▸ Exercise instructions
Using the records below, transcribe word for word the stretch from the line that contains "set \<Rightarrow> 'r" through the line that contains "C) = insert", both end lines included, and nothing else.

▸ Source data
(* For natural concepts $C_1,C_2,D_1,D_2$: $\{C_1:C_2::D_1:D_2\}\models C_2:C_1::D_2:D_1$, i.e. every model of the TBox consisting of the analogy assertion $C_1:C_2::D_1:D_2$ satisfies the analogy assertion $C_2:C_1::D_2:D_1$.
   Context: Concepts: $C,D::=\top\mid\bot\mid A\mid C\sqcap D\mid \exists r.C\mid N$; natural concepts: $N,N'::=A'\mid N\sqcap N'\mid N\bowtie N'\mid \exists r'.N$, with $A$ a concept name, $A'$ a natural concept name, $r$ a role name, $r'$ an intra-domain role name. A domain constrained interpretation is $\mathfrak{I}=(\mathcal{I},[\mathcal{F}_1,\dots,\mathcal{F}_k],\mathcal{X},\pi,\sim,\mathcal{S})$ where $\mathcal{I}=(\Delta^{\mathcal{I}},\cdot^{\mathcal{I}})$ is a classical DL interpretation, $[\mathcal{F}_1,\dots,\mathcal{F}_k]$ partitions a nonempty finite set $\mathcal{F}$, $\mathcal{X}\subseteq2^{\mathcal{F}}$ with $\mathcal{F}\in\mathcal{X}$, $\pi:\Delta^{\mathcal{I}}\to2^{\mathcal{F}}$, $\sim$ an equivalence relation on $\{1,\dots,k\}$, $\mathcal{S}=\{\sigma_{(s,t)}\mid(s,t)\in\sim\}$ with $\sigma_{(s,t)}:\mathcal{F}_s\to\mathcal{F}_t$ bijections. With $\mathcal{C}=\{G\subseteq\mathcal{F}\mid X\not\subseteq G\ \forall X\in\mathcal{X}\}$ and $\mathcal{C}^i=\{G\in\mathcal{C}\mid G\subseteq\mathcal{F}_i\}$ it is required: (1) $X\not\subseteq\pi(d)$ for all $d$, $X\in\mathcal{X}$; (2) each $G\in\mathcal{C}$ is $\pi(d)$ for some $d$; (3) $\sigma_{(s,t)}^{-1}=\sigma_{(t,s)}$, $\sigma_{(t,u)}\circ\sigma_{(s,t)}=\sigma_{(s,u)}$; (4) $\sigma_{(i,j)}(G)\in\mathcal{C}$ for $G\in\mathcal{C}^i$, $(i,j)\in\sim$; (5) $\{f,g\}\in\mathcal{X}$ whenever $f\in\mathcal{F}_i$, $g\in\mathcal{F}_j$, $(i,j)\in\sim$, $i\neq j$. $\varphi(C)=\bigcap\{\pi(d)\mid d\in C^{\mathcal{I}}\}$ ($=\mathcal{F}$ if $C^{\mathcal{I}}=\emptyset$). Concepts are interpreted as usual, with $(N\bowtie N')^{\mathcal{I}}=\{d\mid\varphi(N)\cap\varphi(N')\subseteq\pi(d)\}$. An intra-domain relation $r$: there is $\kappa_r:2^{\mathcal{F}}\to2^{\mathcal{F}}$ with $(\exists r.C)^{\mathcal{I}}=\{d\mid\kappa_r(\varphi(C))\subseteq\pi(d)\}$ for all $C$, $\kappa_r(G)=\bigcup_i\kappa_r(G\cap\mathcal{F}_i)$ for $G\in\mathcal{C}$, $\kappa_r(G)\subseteq\mathcal{F}_i$ for $G\in\mathcal{C}^i$, $\kappa_r(\sigma_{(i,j)}(G))=\sigma_{(i,j)}(\kappa_r(G))$ for $(i,j)\in\sim$, $G\in\mathcal{C}^i$, and $\kappa_r(G)\neq\emptyset$ for $G\in\mathcal{C}^i\setminus\{\emptyset\}$. $\delta(C)=\{i\mid\mathcal{F}_i\cap\varphi(C)\neq\emptyset\}$. For $U=\{(s_1,t_1),\dots,(s_l,t_l)\}\subseteq\sim$ with pairwise distinct $s_i$ and pairwise distinct $t_i$, the domain translation $\sigma_U:\mathcal{F}\to\mathcal{F}$ maps $f\in\mathcal{F}_{s_i}$ to $\sigma_{(s_i,t_i)}(f)$ and fixes all other features; $\mathrm{src}(U)=\{s_i\}$, $\mathrm{tgt}(U)=\{t_i\}$. $\mu(C,D)$ is the set of $\sigma_U$ with $\varphi(D)=\sigma_U(\varphi(C))$, $\mathrm{src}(U)\subseteq\delta(C)$, $\mathrm{tgt}(U)\cap(\delta(C)\setminus\mathrm{src}(U))=\emptyset$. An analogy assertion $C_1:C_2::D_1:D_2$ (between natural concepts) is satisfied in $\mathfrak{I}$ iff $\mu(C_1,C_2)\cap\mu(D_1,D_2)\neq\emptyset$; a concept inclusion $C\sqsubseteq D$ is satisfied iff $C^{\mathcal{I}}\subseteq D^{\mathcal{I}}$. A TBox is a finite set of concept inclusions and analogy assertions. $\mathfrak{I}$ is a model of a TBox $\mathcal{T}$ if it satisfies all its elements, every natural concept $N$ in $\mathcal{T}$ satisfies $N^{\mathcal{I}}=\{d\mid\varphi(N)\subseteq\pi(d)\}$, and every intra-domain role name is interpreted as an intra-domain relation. $\mathcal{T}\models\psi$ means every model of $\mathcal{T}$ satisfies $\psi$. *)

theory Defs
  imports Main
begin

text \<open>Concepts over concept names 'c and role names 'r. The constructor Join is the
  operator written with bowtie; it is only well-formed between natural concepts.\<close>

datatype ('c, 'r) concept =
    Top | Bot | CN 'c
  | Conj "('c, 'r) concept" "('c, 'r) concept"
  | Ex 'r "('c, 'r) concept"
  | Join "('c, 'r) concept" "('c, 'r) concept"

inductive natural :: "'c set \<Rightarrow> 'r set \<Rightarrow> ('c, 'r) concept \<Rightarrow> bool"
  for NN :: "'c set" and IR :: "'r set" where
  nat_name: "A \<in> NN \<Longrightarrow> natural NN IR (CN A)"
| nat_conj: "natural NN IR N \<Longrightarrow> natural NN IR N' \<Longrightarrow> natural NN IR (Conj N N')"
| nat_join: "natural NN IR N \<Longrightarrow> natural NN IR N' \<Longrightarrow> natural NN IR (Join N N')"
| nat_ex: "r \<in> IR \<Longrightarrow> natural NN IR N \<Longrightarrow> natural NN IR (Ex r N)"

fun subconcepts :: "('c, 'r) concept \<Rightarrow> ('c, 'r) concept set" where
  "subconcepts Top = {Top}"
| "subconcepts Bot = {Bot}"
| "subconcepts (CN A) = {CN A}"
| "subconcepts (Conj C D) = insert (Conj C D) (subconcepts C \<union> subconcepts D)"
| "subconcepts (Ex r C) = insert (Ex r C) (subconcepts C)"
| "subconcepts (Join C D) = insert (Join C D) (subconcepts C \<union> subconcepts D)"

datatype ('c, 'r) axiom =
    Incl "('c, 'r) concept" "('c, 'r) concept"
  | Analogy "('c, 'r) concept" "('c, 'r) concept" "('c, 'r) concept" "('c, 'r) concept"

fun ax_concepts :: "('c, 'r) axiom \<Rightarrow> ('c, 'r) concept set" where
  "ax_concepts (Incl C D) = subconcepts C \<union> subconcepts D"
| "ax_concepts (Analogy C1 C2 D1 D2) =
     subconcepts C1 \<union> subconcepts C2 \<union> subconcepts D1 \<union> subconcepts D2"

text \<open>Domain indices are 1..k; part i is the feature set F_i; sigma s t is the
  bijection sigma_(s,t) : F_s -> F_t.\<close>

record ('d, 'c, 'r, 'f) dci =
  Delta :: "'d set"
  cI :: "'c \<Rightarrow> 'd set"
  rI :: "'r \<Rightarrow> ('d \<times> 'd) set"
  Feat :: "'f set"
  k :: nat
  part :: "nat \<Rightarrow> 'f set"
  Xc :: "'f set set"
  pi :: "'d \<Rightarrow> 'f set"
  sim :: "(nat \<times> nat) set"
  sigma :: "nat \<Rightarrow> nat \<Rightarrow> 'f \<Rightarrow> 'f"

definition consistent :: "('d, 'c, 'r, 'f) dci \<Rightarrow> 'f set set" where
  "consistent I = {G. G \<subseteq> Feat I \<and> (\<forall>X\<in>Xc I. \<not> X \<subseteq> G)}"

definition consistent_in :: "('d, 'c, 'r, 'f) dci \<Rightarrow> nat \<Rightarrow> 'f set set" where
  "consistent_in I i = {G \<in> consistent I. G \<subseteq> part I i}"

▸ Output of the exercise
inductive natural :: "'c set \<Rightarrow> 'r set \<Rightarrow> ('c, 'r) concept \<Rightarrow> bool"
  for NN :: "'c set" and IR :: "'r set" where
  nat_name: "A \<in> NN \<Longrightarrow> natural NN IR (CN A)"
| nat_conj: "natural NN IR N \<Longrightarrow> natural NN IR N' \<Longrightarrow> natural NN IR (Conj N N')"
| nat_join: "natural NN IR N \<Longrightarrow> natural NN IR N' \<Longrightarrow> natural NN IR (Join N N')"
| nat_ex: "r \<in> IR \<Longrightarrow> natural NN IR N \<Longrightarrow> natural NN IR (Ex r N)"

fun subconcepts :: "('c, 'r) concept \<Rightarrow> ('c, 'r) concept set" where
  "subconcepts Top = {Top}"
| "subconcepts Bot = {Bot}"
| "subconcepts (CN A) = {CN A}"
| "subconcepts (Conj C D) = insert (Conj C D) (subconcepts C \<union> subconcepts D)"
| "subconcepts (Ex r C) = insert (Ex r C) (subconcepts C)"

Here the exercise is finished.